*What is required*
What lines of the data below hold the string "drearr"? Copy each one out.

*Material shown*
(* Let $1\leq k\leq n$. (1) Let $X$ be an $(n,k)$ right Gog trapezoid. Among all Gog triangles of size $n$ whose entries with $i-j\leq k-1$ coincide with $X$, there is an entrywise smallest one, and it satisfies $X_{i,j}=j$ for $i\geq j+k$. (2) Let $X$ be an $(n,k)$ left Gog trapezoid. Among all Gog triangles of size $n$ whose entries with $j\leq k$ coincide with $X$, there is an entrywise smallest one, and it satisfies, for $j\geq k$, $$X_{i,j}=\max\big(X_{i,k}+j-k,\ X_{i-1,k}+j-k-1,\ \dots,\ X_{i-j+k,k}\big).$$
   Context: A Gelfand–Tsetlin triangle of size $n$ is an array $X=(X_{i,j})_{n\geq i\geq j\geq 1}$ of positive integers (row $n$ is the top row, row $1$ the bottom) with $X_{i+1,j}\leq X_{i,j}\leq X_{i+1,j+1}$ for all $n-1\geq i\geq j\geq 1$. A Gog triangle of size $n$ is a Gelfand–Tsetlin triangle with strictly increasing rows and top row $X_{n,j}=j$, $1\leq j\leq n$. Triangles are ordered entrywise. An $(n,k)$ right Gog trapezoid is the array $(X_{i,j})_{n\geq i\geq j\geq 1,\ i-j\leq k-1}$ of entries of some Gog triangle of size $n$ lying in its $k$ rightmost SW–NE diagonals; an $(n,k)$ left Gog trapezoid is the array $(X_{i,j})_{n\geq i\geq j\geq 1,\ j\leq k}$ of entries of some Gog triangle of size $n$ lying in its $k$ leftmost NW–SE diagonals. *)

theory Defs
  imports Main
begin

text \<open>Triangular arrays are functions nat => nat => int; only the entries
 X i j with 1 <= j <= i <= n are meaningful (row n is the top row).\<close>

definition tri_idx :: "nat \<Rightarrow> nat \<Rightarrow> nat \<Rightarrow> bool" where
  "tri_idx n i j \<longleftrightarrow> 1 \<le> j \<and> j \<le> i \<and> i \<le> n"

definition is_GT :: "nat \<Rightarrow> (nat \<Rightarrow> nat \<Rightarrow> int) \<Rightarrow> bool" where
  "is_GT n X \<longleftrightarrow>
     (\<forall>i j. tri_idx n i j \<longrightarrow> X i j \<ge> 1) \<and>
     (\<forall>i j. 1 \<le> j \<and> j \<le> i \<and> i + 1 \<le> n \<longrightarrow>
        X (i+1) j \<le> X i j \<and> X i j \<le> X (i+1) (j+1))"

definition is_Gog :: "nat \<Rightarrow> (nat \<Rightarrow> nat \<Rightarrow> int) \<Rightarrow> bool" where
  "is_Gog n X \<longleftrightarrow> is_GT n X \<and>
     (\<forall>i j. 1 \<le> j \<and> j < i \<and> i \<le> n \<longrightarrow> X i j < X i (j+1)) \<and>
     (\<forall>j. 1 \<le> j \<and> j \<le> n \<longrightarrow> X n j = int j)"

text \<open>Index set of the k rightmost SW-NE diagonals (i - j <= k - 1)
 and of the k leftmost NW-SE diagonals (j <= k).\<close>

definition right_idx :: "nat \<Rightarrow> nat \<Rightarrow> nat \<Rightarrow> nat \<Rightarrow> bool" where
  "right_idx n k i j \<longleftrightarrow> tri_idx n i j \<and> i - j \<le> k - 1"
(* Let $C$ be a bivariate SI copula and $(U,V)$ a random vector with distribution function $C$. For $p\in[0,1]$ define $T_p:[0,1]\to[0,1]$ by $T_p(u)=u$ if $0\le u\le 1-p$ and $T_p(u)=1-(u-(1-p))$ if $1-p<u\le1$, and let $C_p$ be the distribution function of $(T_p(U),V)$. Then $C_p$ is a copula for every $p\in[0,1]$, and (i) $C_0=C=C^\uparrow$ and $C_1=C^\downarrow$; (ii) $C_p=_{\partial_1S}C$ for all $p\in[0,1]$; (iii) $C_p(u,v)\ge C_{p'}(u,v)$ for all $(u,v)\in[0,1]^2$ whenever $0\le p\le p'\le1$; (iv) $p\mapsto C_p$ is continuous with respect to pointwise convergence.
   Context: A bivariate copula is a function $C:[0,1]^2\to[0,1]$ that is grounded, has uniform margins and is 2-increasing. A copula is SI (resp. SD) if it is concave (resp. convex) in its first argument (equivalently, $P(V\ge v\mid U=u)$ is increasing, resp. decreasing, in $u$ a.e. for each $v$). For measurable $f,g:[0,1]\to[0,1]$, $f\prec_S g$ means $\int_0^x f^*\le\int_0^x g^*$ for all $x\in(0,1)$ and $\int_0^1 f=\int_0^1 g$, where $h^*$ is the decreasing rearrangement of $h$. For copulas $D,E$: $D\le_{\partial_1S}E$ if $\partial_1D(\cdot,v)\prec_S\partial_1E(\cdot,v)$ for all $v$ ($\partial_1$ = partial derivative in first argument), and $D=_{\partial_1S}E$ if both directions hold. For each copula $C$, $C^\uparrow$ (resp. $C^\downarrow$) denotes the unique SI (resp. SD) copula with $C^\uparrow=_{\partial_1S}C$ (resp. $C^\downarrow=_{\partial_1S}C$). *)

theory Defs
  imports "HOL-Probability.Probability"
begin

definition unit_sq :: "(real \<times> real) set" where
  "unit_sq = {0..1} \<times> {0..1}"

definition copula :: "(real \<Rightarrow> real \<Rightarrow> real) \<Rightarrow> bool" where
  "copula C \<longleftrightarrow>
     (\<forall>u\<in>{0..1}. \<forall>v\<in>{0..1}. C u v \<in> {0..1}) \<and>
     (\<forall>t\<in>{0..1}. C t 0 = 0 \<and> C 0 t = 0) \<and>
     (\<forall>t\<in>{0..1}. C t 1 = t \<and> C 1 t = t) \<and>
     (\<forall>u1\<in>{0..1}. \<forall>u2\<in>{0..1}. \<forall>v1\<in>{0..1}. \<forall>v2\<in>{0..1}.
        u1 \<le> u2 \<longrightarrow> v1 \<le> v2 \<longrightarrow> C u2 v2 - C u2 v1 - C u1 v2 + C u1 v1 \<ge> 0)"

definition SI_copula :: "(real \<Rightarrow> real \<Rightarrow> real) \<Rightarrow> bool" where
  "SI_copula C \<longleftrightarrow> copula C \<and> (\<forall>v\<in>{0..1}. concave_on {0..1} (\<lambda>u. C u v))"

definition SD_copula :: "(real \<Rightarrow> real \<Rightarrow> real) \<Rightarrow> bool" where
  "SD_copula C \<longleftrightarrow> copula C \<and> (\<forall>v\<in>{0..1}. convex_on {0..1} (\<lambda>u. C u v))"

definition drearr :: "(real \<Rightarrow> real) \<Rightarrow> real \<Rightarrow> real" where
  "drearr f x = Inf {t. measure lebesgue {s\<in>{0..1}. f s > t} \<le> x}"

definition schur_le :: "(real \<Rightarrow> real) \<Rightarrow> (real \<Rightarrow> real) \<Rightarrow> bool" where
  "schur_le f g \<longleftrightarrow>
     (\<forall>x\<in>{0<..<1}. (LINT s:{0..x}|lebesgue. drearr f s) \<le> (LINT s:{0..x}|lebesgue. drearr g s)) \<and>
     (LINT s:{0..1}|lebesgue. f s) = (LINT s:{0..1}|lebesgue. g s)"
(* Consider the following model. States $\omega_t\in\{0,1\}$, $t\in\{1,2\}$, with $\Pr[\omega_1=1]=\mu_0\in(0,1)$ and $\Pr[\omega_2=\omega\mid\omega_1=\omega]=\rho\in(1/2,1)$. In each period an agent A chooses $e_t\in\{0,1\}$; if $e_t=1$ he observes $\omega_t$, if $e_t=0$ he observes $\omega_t$ with probability $\pi\in(0,1)$ and nothing otherwise; he reports $r_t\in\{\varnothing,\omega_t\}$ if he observed $\omega_t$, else $r_t=\varnothing$. A's payoff is $x-c(e_1+e_2)$, $c>0$, with $x=\hat x(r_1,r_2)$. A mechanism consists of $\sigma_1\in\{0,1\}$, $\sigma_2:\{\varnothing,0,1\}\to\{0,1\}$, $\hat x:\{\varnothing,0,1\}^2\to\{0,1\}$; A best-responds, following the recommendation and disclosing when indifferent. A mechanism is IC if at every history occurring with positive probability A optimally obeys the testing recommendation and discloses every observed result, and $\hat x(r_1,\varnothing)=0$ whenever $\sigma_2(r_1)=1$. Let $\gamma=c/(1-\pi)$ and for $r_1\in\{\varnothing,0,1\}$ and $\mu\in[0,1]$ define $$v(r_1,\mu)=-c\sigma_2(r_1)+[\sigma_2(r_1)+(1-\sigma_2(r_1))\pi][\mu\hat x(r_1,1)+(1-\mu)\hat x(r_1,0)]+(1-\sigma_2(r_1))(1-\pi)\hat x(r_1,\varnothing).$$ Let $\mathbb{E}_{\mu_0}[v(\tilde r_1,\tilde\mu_2)]=\mu_0 v(1,\rho)+(1-\mu_0)v(0,1-\rho)$ and $\mathbb{E}_{\mu_0}[v(\varnothing,\tilde\mu_2)]=\mu_0 v(\varnothing,\rho)+(1-\mu_0)v(\varnothing,1-\rho)$. Then in any IC mechanism with $\sigma_1=0$, $$\gamma\ \ge\ \mathbb{E}_{\mu_0}[v(\tilde r_1,\tilde\mu_2)]-\mathbb{E}_{\mu_0}[v(\varnothing,\tilde\mu_2)]\ \ge\ 0.$$ *)

theory Defs
  imports Complex_Main
begin

text \<open>Reports r in {empty,0,1} are encoded as bool option: None = empty,
  Some False = 0, Some True = 1.  Binary variables (effort, recommendation,
  decision x) are encoded as bool; numeric value via of_bool.
  Parameters: pp (prob. of free observation), c (testing cost),
  rho (persistence), mu0 (prior of omega_1 = 1).\<close>

type_synonym report = "bool option"

definition xv :: "(report \<Rightarrow> report \<Rightarrow> bool) \<Rightarrow> report \<Rightarrow> report \<Rightarrow> real" where
  "xv xh r1 r2 = of_bool (xh r1 r2)"

text \<open>Period 2: expected value of the best report, given that omega_2 is observed,
  after first-period report r1 and belief mu = Pr[omega_2 = 1].\<close>
definition obs2_val :: "(report \<Rightarrow> report \<Rightarrow> bool) \<Rightarrow> report \<Rightarrow> real \<Rightarrow> real" where
  "obs2_val xh r1 mu =
     mu * max (xv xh r1 (Some True)) (xv xh r1 None)
   + (1 - mu) * max (xv xh r1 (Some False)) (xv xh r1 None)"

definition W2 :: "real \<Rightarrow> real \<Rightarrow> (report \<Rightarrow> report \<Rightarrow> bool) \<Rightarrow> report \<Rightarrow> real \<Rightarrow> bool \<Rightarrow> real" where
  "W2 pp c xh r1 mu e =
     (if e then - c + obs2_val xh r1 mu
      else pp * obs2_val xh r1 mu + (1 - pp) * xv xh r1 None)"

definition V2 :: "real \<Rightarrow> real \<Rightarrow> (report \<Rightarrow> report \<Rightarrow> bool) \<Rightarrow> report \<Rightarrow> real \<Rightarrow> real" where
  "V2 pp c xh r1 mu = max (W2 pp c xh r1 mu True) (W2 pp c xh r1 mu False)"

definition post1 :: "real \<Rightarrow> bool \<Rightarrow> real" where
  "post1 rho w = (if w then rho else 1 - rho)"

definition prior2 :: "real \<Rightarrow> real \<Rightarrow> real" where
  "prior2 rho mu0 = mu0 * rho + (1 - mu0) * (1 - rho)"

definition obs1_val :: "real \<Rightarrow> real \<Rightarrow> real \<Rightarrow> real \<Rightarrow> (report \<Rightarrow> report \<Rightarrow> bool) \<Rightarrow> real" where
  "obs1_val pp c rho mu0 xh =
     mu0 * max (V2 pp c xh (Some True) rho) (V2 pp c xh None rho)
   + (1 - mu0) * max (V2 pp c xh (Some False) (1 - rho)) (V2 pp c xh None (1 - rho))"

definition W1 :: "real \<Rightarrow> real \<Rightarrow> real \<Rightarrow> real \<Rightarrow> (report \<Rightarrow> report \<Rightarrow> bool) \<Rightarrow> bool \<Rightarrow> real" where
  "W1 pp c rho mu0 xh e =
     (if e then - c + obs1_val pp c rho mu0 xh
      else pp * obs1_val pp c rho mu0 xh
           + (1 - pp) * V2 pp c xh None (prior2 rho mu0))"

text \<open>Period-2 information states (report r1, belief) of A reached with positive
  probability when A obeys and discloses in period 1.\<close>
definition reached2 :: "bool \<Rightarrow> real \<Rightarrow> real \<Rightarrow> (report \<times> real) set" where
  "reached2 s1 rho mu0 =
     {(Some w, post1 rho w) | w. True} \<union> (if s1 then {} else {(None, prior2 rho mu0)})"

definition IC :: "real \<Rightarrow> real \<Rightarrow> real \<Rightarrow> real \<Rightarrow> bool \<Rightarrow> (report \<Rightarrow> bool)
                   \<Rightarrow> (report \<Rightarrow> report \<Rightarrow> bool) \<Rightarrow> bool" where
  "IC pp c rho mu0 s1 s2 xh \<longleftrightarrow>
     W1 pp c rho mu0 xh s1 \<ge> W1 pp c rho mu0 xh (\<not> s1)
   \<and> (\<forall>w. V2 pp c xh (Some w) (post1 rho w) \<ge> V2 pp c xh None (post1 rho w))
   \<and> (\<forall>(r1, mu) \<in> reached2 s1 rho mu0.
        W2 pp c xh r1 mu (s2 r1) \<ge> W2 pp c xh r1 mu (\<not> s2 r1)
      \<and> (\<forall>w. xv xh r1 (Some w) \<ge> xv xh r1 None))
   \<and> (\<forall>r1. s2 r1 \<longrightarrow> \<not> xh r1 None)"

definition v :: "real \<Rightarrow> real \<Rightarrow> (report \<Rightarrow> bool) \<Rightarrow> (report \<Rightarrow> report \<Rightarrow> bool)
                  \<Rightarrow> report \<Rightarrow> real \<Rightarrow> real" where
  "v pp c s2 xh r1 mu =
     - c * of_bool (s2 r1)
   + (of_bool (s2 r1) + (1 - of_bool (s2 r1)) * pp)
     * (mu * xv xh r1 (Some True) + (1 - mu) * xv xh r1 (Some False))
   + (1 - of_bool (s2 r1)) * (1 - pp) * xv xh r1 None"

definition Ev_r1 :: "real \<Rightarrow> real \<Rightarrow> real \<Rightarrow> real \<Rightarrow> (report \<Rightarrow> bool) \<Rightarrow> (report \<Rightarrow> report \<Rightarrow> bool) \<Rightarrow> real" where
  "Ev_r1 pp c rho mu0 s2 xh =
     mu0 * v pp c s2 xh (Some True) rho + (1 - mu0) * v pp c s2 xh (Some False) (1 - rho)"

definition Ev_empty :: "real \<Rightarrow> real \<Rightarrow> real \<Rightarrow> real \<Rightarrow> (report \<Rightarrow> bool) \<Rightarrow> (report \<Rightarrow> report \<Rightarrow> bool) \<Rightarrow> real" where
  "Ev_empty pp c rho mu0 s2 xh =
     mu0 * v pp c s2 xh None rho + (1 - mu0) * v pp c s2 xh None (1 - rho)"

end

theory Submission
  imports Defs
begin

text \<open>With \<open>\<sigma>\<^sub>1 = 0\<close>, every second-period history is reached, and there IC makes
  obeying \<open>\<sigma>\<^sub>2\<close> and disclosing optimal; so the optimal continuation value is \<open>v\<close>.
  Testing in period 1 therefore gains \<open>(1 - \<pi>)(E v(r\<^sub>1, \<mu>\<^sub>2) - v(\<emptyset>, \<mu>\<^sub>2\<^sup>0)) - c\<close>,
  where \<open>\<mu>\<^sub>2\<^sup>0\<close> is the prior belief about \<open>\<omega>\<^sub>2\<close>; as \<open>v(\<emptyset>, \<cdot>)\<close> is affine in the
  belief, the subtracted term is \<open>E v(\<emptyset>, \<mu>\<^sub>2)\<close>, and obedience to \<open>\<sigma>\<^sub>1 = 0\<close> gives the upper
  bound. For the lower bound, \<open>v(\<emptyset>, \<mu>)\<close> is the value of one particular continuation,
  hence at most the optimal value after \<open>\<emptyset>\<close>, which disclosure in period 1 bounds by the
  optimal value after reporting \<open>\<omega>\<^sub>1\<close>, namely \<open>v(\<omega>\<^sub>1, \<mu>)\<close>.\<close>

lemma obs2_val_ge_disclose:
  assumes "0 \<le> mu" "mu \<le> 1"
  shows "mu * xv xh r (Some True) + (1 - mu) * xv xh r (Some False) \<le> obs2_val xh r mu"
proof -
  have "mu * xv xh r (Some True) \<le> mu * max (xv xh r (Some True)) (xv xh r None)"
    using assms by (intro mult_left_mono) auto
  moreover have "(1 - mu) * xv xh r (Some False) \<le> (1 - mu) * max (xv xh r (Some False)) (xv xh r None)"
    using assms by (intro mult_left_mono) auto
  ultimately show ?thesis unfolding obs2_val_def by linarith
qed

lemma obs2_val_eq_disclose:
  assumes "\<forall>w. xv xh r None \<le> xv xh r (Some w)"
  shows "obs2_val xh r mu = mu * xv xh r (Some True) + (1 - mu) * xv xh r (Some False)"
  using assms unfolding obs2_val_def by (simp add: max_absorb1)

lemma v_le_W2:
  assumes "0 \<le> mu" "mu \<le> 1" "0 \<le> pp" "pp \<le> 1"
  shows "v pp c s2 xh r mu \<le> W2 pp c xh r mu (s2 r)"
proof -
  have disclose: "mu * xv xh r (Some True) + (1 - mu) * xv xh r (Some False) \<le> obs2_val xh r mu"
    using obs2_val_ge_disclose assms by blast
  then have "pp * (mu * xv xh r (Some True) + (1 - mu) * xv xh r (Some False))
      \<le> pp * obs2_val xh r mu"
    using assms by (intro mult_left_mono) auto
  with disclose show ?thesis unfolding W2_def v_def by (cases "s2 r") auto
qed

lemma v_le_V2:
  assumes "0 \<le> mu" "mu \<le> 1" "0 \<le> pp" "pp \<le> 1"
  shows "v pp c s2 xh r mu \<le> V2 pp c xh r mu"
  using v_le_W2[OF assms, of c s2 xh r] unfolding V2_def by (cases "s2 r") auto

lemma V2_eq_v_if_obey_disclose:
  assumes "\<forall>w. xv xh r None \<le> xv xh r (Some w)"
    and "W2 pp c xh r mu (\<not> s2 r) \<le> W2 pp c xh r mu (s2 r)"
  shows "V2 pp c xh r mu = v pp c s2 xh r mu"
proof -
  have "V2 pp c xh r mu = W2 pp c xh r mu (s2 r)"
    using assms(2) unfolding V2_def by (cases "s2 r") (auto simp: max_def)
  also have "\<dots> = v pp c s2 xh r mu"
    using obs2_val_eq_disclose[OF assms(1)] unfolding W2_def v_def by (cases "s2 r") auto
  finally show ?thesis .
qed

lemma v_convex_combination:
  "mu0 * v pp c s2 xh r a + (1 - mu0) * v pp c s2 xh r b
   = v pp c s2 xh r (mu0 * a + (1 - mu0) * b)"
  unfolding v_def by (simp add: algebra_simps)

lemma W1_test_minus_no_test:
  "W1 pp c rho mu0 xh True - W1 pp c rho mu0 xh False
   = (1 - pp) * (obs1_val pp c rho mu0 xh - V2 pp c xh None (prior2 rho mu0)) - c"
  unfolding W1_def by (simp add: algebra_simps)

lemma Some_post1_in_reached2: "(Some w, post1 rho w) \<in> reached2 s1 rho mu0"
  unfolding reached2_def by blast

lemma None_prior2_in_reached2: "(None, prior2 rho mu0) \<in> reached2 False rho mu0"
  unfolding reached2_def by simp

lemma IC_V2_eq_v:
  assumes "IC pp c rho mu0 s1 s2 xh" "(r, mu) \<in> reached2 s1 rho mu0"
  shows "V2 pp c xh r mu = v pp c s2 xh r mu"
  using assms unfolding IC_def by (intro V2_eq_v_if_obey_disclose) auto

lemma IC_V2_None_le_v_Some:
  assumes "IC pp c rho mu0 s1 s2 xh"
  shows "V2 pp c xh None (post1 rho w) \<le> v pp c s2 xh (Some w) (post1 rho w)"
  using assms IC_V2_eq_v[OF assms Some_post1_in_reached2] unfolding IC_def by simp

lemma IC_obs1_val_eq_Ev_r1:
  assumes "IC pp c rho mu0 s1 s2 xh"
  shows "obs1_val pp c rho mu0 xh = Ev_r1 pp c rho mu0 s2 xh"
  using IC_V2_None_le_v_Some[OF assms, of True] IC_V2_None_le_v_Some[OF assms, of False]
    IC_V2_eq_v[OF assms Some_post1_in_reached2, of True]
    IC_V2_eq_v[OF assms Some_post1_in_reached2, of False]
  unfolding obs1_val_def Ev_r1_def post1_def by (simp add: max_absorb1)

lemma IC_Ev_empty_eq_V2_prior2:
  assumes "IC pp c rho mu0 False s2 xh"
  shows "Ev_empty pp c rho mu0 s2 xh = V2 pp c xh None (prior2 rho mu0)"
  unfolding Ev_empty_def v_convex_combination IC_V2_eq_v[OF assms None_prior2_in_reached2]
  by (simp add: prior2_def)

lemma IC_Ev_empty_le_Ev_r1:
  assumes "IC pp c rho mu0 s1 s2 xh"
    and "0 \<le> mu0" "mu0 \<le> 1" "0 \<le> rho" "rho \<le> 1" "0 \<le> pp" "pp \<le> 1"
  shows "Ev_empty pp c rho mu0 s2 xh \<le> Ev_r1 pp c rho mu0 s2 xh"
proof -
  have v_None_le_v_Some: "v pp c s2 xh None (post1 rho w) \<le> v pp c s2 xh (Some w) (post1 rho w)"
    for w
  proof -
    have "v pp c s2 xh None (post1 rho w) \<le> V2 pp c xh None (post1 rho w)"
      using assms by (intro v_le_V2) (auto simp: post1_def)
    also have "\<dots> \<le> v pp c s2 xh (Some w) (post1 rho w)"
      using IC_V2_None_le_v_Some[OF assms(1)] .
    finally show ?thesis .
  qed
  have "mu0 * v pp c s2 xh None rho \<le> mu0 * v pp c s2 xh (Some True) rho"
    using v_None_le_v_Some[of True] assms by (intro mult_left_mono) (auto simp: post1_def)
  moreover have "(1 - mu0) * v pp c s2 xh None (1 - rho)
      \<le> (1 - mu0) * v pp c s2 xh (Some False) (1 - rho)"
    using v_None_le_v_Some[of False] assms by (intro mult_left_mono) (auto simp: post1_def)
  ultimately show ?thesis unfolding Ev_empty_def Ev_r1_def by linarith
qed

theorem lemma7:
  fixes pp c rho mu0 :: real and s1 :: bool and s2 :: "report \<Rightarrow> bool"
    and xh :: "report \<Rightarrow> report \<Rightarrow> bool"
  assumes "0 < mu0" "mu0 < 1" "1/2 < rho" "rho < 1" "0 < pp" "pp < 1" "0 < c"
    and "IC pp c rho mu0 s1 s2 xh"
    and "s1 = False"
  shows "c / (1 - pp) \<ge> Ev_r1 pp c rho mu0 s2 xh - Ev_empty pp c rho mu0 s2 xh
       \<and> Ev_r1 pp c rho mu0 s2 xh - Ev_empty pp c rho mu0 s2 xh \<ge> 0"
proof -
  have ic: "IC pp c rho mu0 False s2 xh"
    using assms(8,9) by simp
  have "W1 pp c rho mu0 xh True \<le> W1 pp c rho mu0 xh False"
    using ic unfolding IC_def by simp
  then have "(1 - pp) * (Ev_r1 pp c rho mu0 s2 xh - Ev_empty pp c rho mu0 s2 xh) \<le> c"
    using W1_test_minus_no_test[of pp c rho mu0 xh]
    unfolding IC_obs1_val_eq_Ev_r1[OF ic] IC_Ev_empty_eq_V2_prior2[OF ic] by linarith
  then have "Ev_r1 pp c rho mu0 s2 xh - Ev_empty pp c rho mu0 s2 xh \<le> c / (1 - pp)"
    using assms(6) by (simp add: pos_le_divide_eq mult.commute)
  moreover have "Ev_empty pp c rho mu0 s2 xh \<le> Ev_r1 pp c rho mu0 s2 xh"
    using IC_Ev_empty_le_Ev_r1[OF ic] assms(1-6) by simp
  ultimately show ?thesis by simp
qed

end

*Answer space*
definition drearr :: "(real \<Rightarrow> real) \<Rightarrow> real \<Rightarrow> real" where
  "drearr f x = Inf {t. measure lebesgue {s\<in>{0..1}. f s > t} \<le> x}"
     (\<forall>x\<in>{0<..<1}. (LINT s:{0..x}|lebesgue. drearr f s) \<le> (LINT s:{0..x}|lebesgue. drearr g s)) \<and>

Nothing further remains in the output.